でも自分が靖国神社にお参りに行くのはたいてい夜。時間はできるだけ遅い方が好きなんです。昼間、なかなか時間がないというのもそうですが、夜なら幾分かは涼しいし、なにより人のいない境内というのが、なにか厳かで、心静かにものを考えたり、祈ったりできるから。
以前はお参りに行くと、「ごくろうさまでした」とか、「ありがとうございました」とか、要するに「先輩方のおかげで、今も日本は平和に発展して続いていますよ」、「これからは僕らがしっかり日本を守るので、安らかに眠ってくださいね」というような、どちらかというと感謝の気持ちで祈っていたわけですが、今年も謝ってきました。「せっかく残してくれたこの国を、こんなに(放射能で)汚してしまってすみません。」と。
なんて思ってちょうど1年前の記事を見てみたら、ほとんど同じこと書いてありますね。(笑) じゃ今年はこの辺で、というわけにも行かないので、ちょっと違うこと書いてみます。
太平洋戦争での敗戦から、連合国軍による占領に至る7年間というのは、正史の上では2672年間とされる日本の歴史の中でも、最大にして唯一の国難の時代だったと言えます。日本海に隔てられたこの極東の島国は、他民族に負けて支配されたという経験が一度もないという、世界史上類を見ない国家でした。
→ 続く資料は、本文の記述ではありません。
lemma alpha_labeling_iff_graceful_split:
  "alpha_labeling V E f (int k) \<longleftrightarrow>
     is_bipartition (hatV V E) (hatE E) (set rows) (set cols) \<and> graceful_mat matrix"
  using alpha_labeling_iff labels_inj labels_range is_bipartition_iff_separates_at
    distinct_edge_labels_if_graceful graceful_if_distinct_edge_labels k_less_length length_eq
  by auto

end

lemma obtain_labels_of_listing:
  assumes "Inl ` V \<subseteq> set zs"
  obtains f where "lists_by_label V f zs"
proof -
  have "\<forall>v\<in>V. \<exists>i. i < length zs \<and> zs ! i = Inl v"
    using assms by (auto simp: in_set_conv_nth)
  then obtain pos where "\<forall>v\<in>V. pos v < length zs \<and> zs ! pos v = Inl v"
    by (rule bchoice[THEN exE])
  then have "lists_by_label V (int \<circ> pos) zs" unfolding lists_by_label_def by simp
  then show thesis by (rule that)
qed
その日本が負けた。他民族に支配された。天皇が謝って人間になった。自国の利益よりも、世界の協調と平和を重んじる国になった。 「敗戦」という、文字通り初めての経験を通じて、日本人は生まれ変わったと言っていい。そういう意味で、「終戦記念日」は単に「戦争が終結した日」というだけじゃなく、民族的には数千年に一度というくらいの、とてつもなく大きな節目の日であると思うんです。
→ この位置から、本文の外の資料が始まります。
lemma lcm_prod_primes:
  fixes X Y :: "nat set"
  assumes "finite X" "finite Y" "\<forall>p\<in>X. prime p" "\<forall>p\<in>Y. prime p"
  shows "lcm (\<Prod>X) (\<Prod>Y) = \<Prod>(X \<union> Y)"
proof -
  have nonzero: "\<Prod>Z \<noteq> 0" if "\<forall>p\<in>Z. prime p" for Z :: "nat set"
    using that by (simp add: prime_gt_0_nat prod_pos)
  have "prime_factorization (lcm (\<Prod>X) (\<Prod>Y)) = prime_factorization (\<Prod>X) \<union># prime_factorization (\<Prod>Y)"
    using assms by (intro prime_factorization_lcm nonzero)
  also have "\<dots> = mset_set X \<union># mset_set Y"
    using assms by (simp only: prime_factorization_prod_primes)
  also have "\<dots> = mset_set (X \<union> Y)"
    using assms by (auto simp: multiset_eq_iff count_mset_set')
  also have "\<dots> = prime_factorization (\<Prod>(X \<union> Y))"
    using assms by (intro prime_factorization_prod_primes[symmetric]) auto
  finally have "normalize (lcm (\<Prod>X) (\<Prod>Y)) = normalize (\<Prod>(X \<union> Y))"
    using assms nonzero[of "X \<union> Y"] by (subst (asm) prime_factorization_unique) auto
  then show ?thesis
    by simp
qed

definition intersection_representation :: "'a set \<Rightarrow> ('a \<Rightarrow> 'a \<Rightarrow> bool) \<Rightarrow> ('a \<Rightarrow> 'b set) \<Rightarrow> bool" where
  "intersection_representation V E S \<longleftrightarrow> inj_on S V \<and> (\<forall>v\<in>V. S v \<noteq> {}) \<and>
     (\<forall>u\<in>V. \<forall>v\<in>V. u \<noteq> v \<longrightarrow> (E u v \<longleftrightarrow> S u \<inter> S v \<noteq> {}))"

lemma intersection_representation_incident_pairs:
  assumes sym: "\<forall>u\<in>V. \<forall>v\<in>V. E u v \<longrightarrow> E v u"
  shows "intersection_representation V E (\<lambda>v. {{u, v} | u. u \<in> V \<and> (u = v \<or> E u v)})"
proof -
  define S where "S v = {{u, v} | u. u \<in> V \<and> (u = v \<or> E u v)}" for v
  have self: "{v} \<in> S v" if "v \<in> V" for v
    using that unfolding S_def by auto
  have common: "x = {u, v} \<and> E u v"
    if "x \<in> S u" "x \<in> S v" and uv: "u \<in> V" "v \<in> V" "u \<noteq> v" for x u v
  proof -
    obtain a b where "x = {a, u}" "x = {b, v}" "a \<in> V" "a = u \<or> E a u"
      using \<open>x \<in> S u\<close> \<open>x \<in> S v\<close> unfolding S_def by blast
    then have "a = v" "x = {u, v}"
      using \<open>u \<noteq> v\<close> by (auto simp: doubleton_eq_iff)
    then show ?thesis
      using \<open>a = u \<or> E a u\<close> sym uv by auto
  qed
  have "inj_on S V"
  proof (rule inj_onI, rule ccontr)
    fix u v assume "u \<in> V" "v \<in> V" "S u = S v" "u \<noteq> v"
    then have "{u} = {u, v}"
      using self common by metis
    with \<open>u \<noteq> v\<close> show False
      by (simp add: doubleton_eq_iff)
  qed
  moreover have "E u v \<longleftrightarrow> S u \<inter> S v \<noteq> {}" if "u \<in> V" "v \<in> V" "u \<noteq> v" for u v
  proof
    assume "E u v"
    then have "{v, u} \<in> S u" "{u, v} \<in> S v"
      using sym that unfolding S_def by blast+
    then show "S u \<inter> S v \<noteq> {}"
      by (auto simp: insert_commute)
  next
    assume "S u \<inter> S v \<noteq> {}"
    then show "E u v"
      using common that by blast
  qed
  ultimately show ?thesis
    using self unfolding intersection_representation_def S_def by blast
qed

lemma intersection_representation_image:
  assumes rep: "intersection_representation V E S" and inj: "inj_on f (\<Union>(S ` V))"
  shows "intersection_representation V E (\<lambda>v. f ` S v)"
proof -
  have image_eq_iff: "f ` S u = f ` S v \<longleftrightarrow> S u = S v" if "u \<in> V" "v \<in> V" for u v
    using that by (intro inj_on_image_eq_iff[OF inj]) auto
  have image_Int: "f ` S u \<inter> f ` S v = f ` (S u \<inter> S v)" if "u \<in> V" "v \<in> V" for u v
    using that by (intro inj_on_image_Int[OF inj, symmetric]) auto
  have "inj_on (\<lambda>v. f ` S v) V"
  proof (rule inj_onI)
    fix u v assume "u \<in> V" "v \<in> V" "f ` S u = f ` S v"
    then have "S u = S v"
      using image_eq_iff by blast
    then show "u = v"
      using rep \<open>u \<in> V\<close> \<open>v \<in> V\<close> unfolding intersection_representation_def inj_on_def by blast
  qed
  moreover have "\<forall>v\<in>V. f ` S v \<noteq> {}"
    using rep by (simp add: intersection_representation_def)
  moreover have "\<forall>u\<in>V. \<forall>v\<in>V. u \<noteq> v \<longrightarrow> (E u v \<longleftrightarrow> f ` S u \<inter> f ` S v \<noteq> {})"
    using rep image_Int by (simp add: intersection_representation_def)
  ultimately show ?thesis
    unfolding intersection_representation_def by blast
qed

lemma ex_inj_on_primes:
  assumes "finite X"
  shows "\<exists>f. inj_on f X \<and> (\<forall>x\<in>X. prime (f x :: nat))"
proof -
  obtain Q :: "nat set" where Q: "finite Q" "card Q = card X" "Q \<subseteq> {p. prime p}"
    using infinite_arbitrarily_large[OF primes_infinite] by blast
  obtain f where "bij_betw f X Q"
    using finite_same_card_bij[OF assms Q(1) Q(2)[symmetric]] ..
  then have "inj_on f X" "f ` X = Q"
    by (simp_all add: bij_betw_def)
  then show ?thesis
    using Q(3) by blast
qed

lemma ex_prime_intersection_representation:
  assumes "finite_simple_graph V E"
  shows "\<exists>P (S :: 'a \<Rightarrow> nat set). finite P \<and> (\<forall>p\<in>P. prime p) \<and> (\<forall>v\<in>V. S v \<subseteq> P) \<and>
           intersection_representation V E S"
proof -
  define T where "T v = {{u, v} | u. u \<in> V \<and> (u = v \<or> E u v)}" for v
  have rep: "intersection_representation V E T"
    unfolding T_def using assms
    by (intro intersection_representation_incident_pairs) (simp add: finite_simple_graph_def)
  have "\<Union>(T ` V) \<subseteq> Pow V"
    unfolding T_def by auto
  moreover have "finite (Pow V)"
    using assms by (simp add: finite_simple_graph_def)
  ultimately have "finite (\<Union>(T ` V))"
    by (rule finite_subset)
  then obtain f :: "'a set \<Rightarrow> nat" where f: "inj_on f (\<Union>(T ` V))" "\<forall>x\<in>\<Union>(T ` V). prime (f x)"
    using ex_inj_on_primes by blast
  have "finite (f ` \<Union>(T ` V))"
    using \<open>finite (\<Union>(T ` V))\<close> by blast
  moreover have "\<forall>p\<in>f ` \<Union>(T ` V). prime p" "\<forall>v\<in>V. f ` T v \<subseteq> f ` \<Union>(T ` V)"
    using f(2) by blast+
  moreover have "intersection_representation V E (\<lambda>v. f ` T v)"
    using intersection_representation_image[OF rep f(1)] .
  ultimately show ?thesis
    by (intro exI[of _ "f ` \<Union>(T ` V)"] exI[of _ "\<lambda>v. f ` T v"]) simp
qed

lemma induced_embedding_nat_mod_group:
  fixes S :: "'a \<Rightarrow> nat set"
  assumes P: "finite P" "\<forall>p\<in>P. prime p" and S: "\<forall>v\<in>V. S v \<subseteq> P"
    and rep: "intersection_representation V E S" and irrefl: "\<forall>v\<in>V. \<not> E v v"
  shows "induced_embedding V E (dep_vertices (nat_mod_group (\<Prod>P))) (dep_adj (nat_mod_group (\<Prod>P)))
           (\<lambda>v. \<Prod>(P - S v))"
proof -
  define N where "N = \<Prod>P"
  define d where "d = (\<lambda>v. \<Prod>(P - S v))"
  have prod_eq_iff: "\<Prod>(P - A) = \<Prod>(P - B) \<longleftrightarrow> P - A = P - B" for A B
    using P by (intro prod_primes_eq_iff) auto
  have d_eq_iff: "d u = d v \<longleftrightarrow> u = v" if "u \<in> V" "v \<in> V" for u v
  proof -
    have "d u = d v \<longleftrightarrow> S u = S v"
      using prod_eq_iff[of "S u" "S v"] S that unfolding d_def by blast
    also have "\<dots> \<longleftrightarrow> u = v"
      using rep that unfolding intersection_representation_def inj_on_def by blast
    finally show ?thesis .
  qed
  have "0 < N"
    unfolding N_def using P(2) by (simp add: prime_gt_0_nat prod_pos)
  have d_dvd: "d v dvd N" for v
    unfolding d_def N_def using P(1) by (intro prod_dvd_prod_subset) auto
  have d_less: "d v < N" if "v \<in> V" for v
  proof -
    have "S v \<noteq> {}"
      using rep that by (simp add: intersection_representation_def)
    then have "P - S v \<noteq> P - {}"
      using S that by blast
    then have "d v \<noteq> N"
      unfolding d_def N_def using prod_eq_iff[of "S v" "{}"] by simp
    moreover have "d v \<le> N"
      using dvd_imp_le[OF d_dvd \<open>0 < N\<close>] .
    ultimately show ?thesis
      by simp
  qed
  have d_vertex: "d v \<in> dep_vertices (nat_mod_group N)" if "v \<in> V" for v
  proof -
    have "0 < d v"
      unfolding d_def using P(2) by (auto simp: prime_gt_0_nat intro!: prod_pos)
    then show ?thesis
      using d_less[OF that] by (simp add: dep_vertices_def)
  qed
  have lcm_eq_iff: "lcm (d u) (d v) = N \<longleftrightarrow> S u \<inter> S v = {}" if "u \<in> V" "v \<in> V" for u v
  proof -
    have "lcm (d u) (d v) = \<Prod>((P - S u) \<union> (P - S v))"
      unfolding d_def using P by (intro lcm_prod_primes) auto
    also have "(P - S u) \<union> (P - S v) = P - (S u \<inter> S v)"
      by blast
    finally have "lcm (d u) (d v) = N \<longleftrightarrow> P - (S u \<inter> S v) = P - {}"
      unfolding N_def using prod_eq_iff[of "S u \<inter> S v" "{}"] by simp
    also have "\<dots> \<longleftrightarrow> S u \<inter> S v = {}"
      using S that by blast
    finally show ?thesis .
  qed
  have adj_iff: "E u v \<longleftrightarrow> dep_adj (nat_mod_group N) (d u) (d v)" if "u \<in> V" "v \<in> V" for u v
  proof (cases "u = v")
    case True
    then show ?thesis
      using irrefl that by (simp add: dep_adj_def)
  next
    case False
    have "generate (nat_mod_group N) {d u} \<inter> generate (nat_mod_group N) {d v} = {0}
          \<longleftrightarrow> S u \<inter> S v = {}"
      using generate_divisors_inter_trivial_iff[OF d_dvd d_dvd d_less d_less] lcm_eq_iff that by simp
    moreover have "E u v \<longleftrightarrow> S u \<inter> S v \<noteq> {}"
      using rep that False by (simp add: intersection_representation_def)
    ultimately show ?thesis
      using d_vertex d_eq_iff that False by (simp add: dep_adj_def)
  qed
  have "inj_on d V"
    using d_eq_iff by (auto intro: inj_onI)
  then show ?thesis
    unfolding induced_embedding_def d_def[symmetric] N_def[symmetric]
    using d_vertex adj_iff by blast
qed

theorem mainTheorem11:
  fixes V :: "'a set" and E :: "'a \<Rightarrow> 'a \<Rightarrow> bool"
  assumes "finite_simple_graph V E"
  shows "\<exists>G :: nat monoid. group G \<and> finite (carrier G) \<and> cyclic_group G \<and>
           (\<exists>f. induced_embedding V E (dep_vertices G) (dep_adj G) f)"
proof -
  obtain P and S :: "'a \<Rightarrow> nat set"
    where P: "finite P" "\<forall>p\<in>P. prime p" and S: "\<forall>v\<in>V. S v \<subseteq> P"
      and rep: "intersection_representation V E S"
    using ex_prime_intersection_representation[OF assms] by blast
  have irrefl: "\<forall>v\<in>V. \<not> E v v"
    using assms by (simp add: finite_simple_graph_def)
  have "0 < \<Prod>P"
    using P(2) by (simp add: prime_gt_0_nat prod_pos)
  then have "group (nat_mod_group (\<Prod>P))" "finite (carrier (nat_mod_group (\<Prod>P)))"
    "cyclic_group (nat_mod_group (\<Prod>P))"
    by (simp_all add: group_nat_mod_group cyclic_nat_mod_group)
  moreover note induced_embedding_nat_mod_group[OF P S rep irrefl]
  ultimately show ?thesis
    by blast
qed

end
もちろん、僕らの魂の根底に流れる、連綿と受け継がれてきた意識とか情緒、規範なんかはそう変わっていないんでしょうけれど、やはり1945年の8月15日の前と後では、日本人は大きく変わったと思います。
震災直後の、なにもかもが流された、ガレキだらけの被災地で、「また明日からがんばろう!」ってインタビューに応えてらした方がいたのが、とても印象に残ってるんですが、こういう「終わりの日」っていうのは、裏を返せば「始まりの日」であって、終戦記念日も、大きな節目の「終わりの日」であったと同時に、現在に至る、新しい日本の「始まりの日」でもあったと思うんです。
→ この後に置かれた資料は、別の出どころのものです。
lemma minimal_pair_condition:
  assumes X: "finite X" and UV: "valid X U V"
    and minimal: "\<And>U' V'. valid X U' V' \<Longrightarrow> \<not> compressed U' V' F \<Longrightarrow> card U \<le> card U'"
  shows "\<forall>v\<in>V. \<exists>u\<in>U. compressed (U - {u}) (V - {v}) F"
proof
  fix v assume v: "v \<in> V"
  have UX: "U \<subseteq> X" "V \<subseteq> X" "card U = card V" "U \<noteq> {}" using UV by (auto simp: valid_def)
  have fin: "finite U" "finite V" using UX(1,2) by (auto intro: rev_finite_subset[OF X])
  show "\<exists>u\<in>U. compressed (U - {u}) (V - {v}) F"
  proof (cases "card U = 1")
    case True
    then obtain u where "U = {u}" by (auto simp: card_Suc_eq)
    moreover obtain w where "V = {w}" using True UX(3) by (auto simp: card_Suc_eq)
    ultimately show ?thesis using v by (auto simp: compressed_def sh_def)
  next
    case False
    have "card U \<noteq> 0" using UX(4) fin(1) by simp
    with False have "2 \<le> card U" by linarith
    then have smaller: "valid X (U - {Max U}) (V - {v})" by (rule valid_shrink[OF X UV _ v])
    have MU: "Max U \<in> U" using fin UX by simp
    then have "card (U - {Max U}) < card U" using fin(1) by (intro card_Diff1_less)
    then have "compressed (U - {Max U}) (V - {v}) F" using minimal[OF smaller] by linarith
    then show ?thesis using MU by blast
  qed
qed

lemma compression_step:
  assumes X: "finite X" "X \<subseteq> {..n}" and F: "F \<subseteq> Qm X e"
    and not_compressed: "\<exists>U V. valid X U V \<and> \<not> compressed U V F"
  shows "\<exists>F1. F1 \<subseteq> Qm X e \<and> card F1 = card F \<and> card (ushadow X F1) \<le> card (ushadow X F)
           \<and> sum (val n) F < sum (val n) F1"
proof -
  have finF: "finite F" using F finite_Qm X finite_subset by blast
  have FP: "F \<subseteq> Pow X" using F by (auto simp: Qm_def)
  define P where "P = (\<lambda>k. \<exists>U V. valid X U V \<and> \<not> compressed U V F \<and> card U = k)"
  have "\<exists>k. P k" using not_compressed unfolding P_def by blast
  then have "P (LEAST k. P k)" by (rule LeastI_ex)
  then obtain U V where UV: "valid X U V" "\<not> compressed U V F" "card U = (LEAST k. P k)"
    unfolding P_def by blast
  have "card U \<le> card U'" if "valid X U' V'" "\<not> compressed U' V' F" for U' V'
    using UV(3) that P_def by (metis Least_le)
  then have cond: "\<forall>v\<in>V. \<exists>u\<in>U. compressed (U - {u}) (V - {v}) F"
    by (rule minimal_pair_condition[OF X(1) UV(1)])
  have U: "U \<subseteq> X" "V \<subseteq> X" "card U = card V" "U \<noteq> {}" using UV by (auto simp: valid_def)
  show ?thesis
  proof (intro exI conjI)
    show "cmp U V F \<subseteq> Qm X e" by (rule cmp_Qm) (use F X U rev_finite_subset[OF X(1) U(2)] in auto)
    show "card (cmp U V F) = card F" using card_cmp finF by blast
    show "card (ushadow X (cmp U V F)) \<le> card (ushadow X F)"
      by (rule card_ushadow_cmp) (use X FP U cond in auto)
    show "sum (val n) F < sum (val n) (cmp U V F)" by (rule cmp_val) (use finF FP UV X in auto)
  qed
qed

text \<open>Iterating compression steps (the weight is bounded by that of Qm X e) yields a
  family that is compressed for every valid pair.\<close>

lemma compressed_family_exists:
  assumes X: "finite X" "X \<subseteq> {..n}"
  shows "F \<subseteq> Qm X e \<Longrightarrow> \<exists>F'. F' \<subseteq> Qm X e \<and> card F' = card F \<and>
           card (ushadow X F') \<le> card (ushadow X F) \<and> (\<forall>U V. valid X U V \<longrightarrow> compressed U V F')"
proof (induction "sum (val n) (Qm X e) - sum (val n) F" arbitrary: F rule: less_induct)
  case less
  show ?case
  proof (cases "\<forall>U V. valid X U V \<longrightarrow> compressed U V F")
    case True then show ?thesis using less.prems by blast
  next
    case False
    then obtain F1 where F1: "F1 \<subseteq> Qm X e" "card F1 = card F"
      "card (ushadow X F1) \<le> card (ushadow X F)" "sum (val n) F < sum (val n) F1"
      using compression_step[OF X less.prems] by blast
    have "sum (val n) F1 \<le> sum (val n) (Qm X e)"
      by (rule sum_mono2[OF finite_Qm[OF X(1)] F1(1)]) simp
    then have "sum (val n) (Qm X e) - sum (val n) F1 < sum (val n) (Qm X e) - sum (val n) F"
      using F1(4) by linarith
    from less.hyps[OF this F1(1)] show ?thesis using F1(2,3) by (metis order_trans)
  qed
qed

text \<open>A family of degree-e sets that is compressed for every valid pair is an initial
  segment of the lexicographic order: any lex-larger set is obtained by a shift.\<close>

lemma lex_total: "finite S \<Longrightarrow> finite T \<Longrightarrow> S \<noteq> T \<Longrightarrow> lex_gt S T \<or> lex_gt T S"
proof -
  assume fin: "finite S" "finite T" and ne: "S \<noteq> T"
  let ?D = "(S - T) \<union> (T - S)"
  have "Min ?D \<in> ?D" using fin ne by (intro Min_in) auto
  moreover have "(T - S) \<union> (S - T) = ?D" by auto
  ultimately show ?thesis unfolding lex_gt_def using ne by auto
qed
前の日本の転換点で、今の日本の出発点とくれば、大晦日とお正月みたいな関係です。だからいつも15日の夜は、お参りしているとちょっと大晦日のような、よーし明日からまたがんばろうっていうか、そういう気持ちがするんですよね。あれ。しませんか?(笑)
最近は日本人も、だいぶ戦後左翼の洗脳から覚醒してきたように思いますが、まだまだ靖国神社にヘンなアレルギーを持ってる人もいるんじゃないかと思います。普通の日本人が、普通に大晦日に近所の神社にお参りに行くように、ごく自然に、もう一つの大晦日くらいの感覚で、お参りに行けるようになったらいいな、と思うわけです。
※「晦日(みそか)」は本来、旧暦で毎月の末日(三十日=みそか)を言い表します。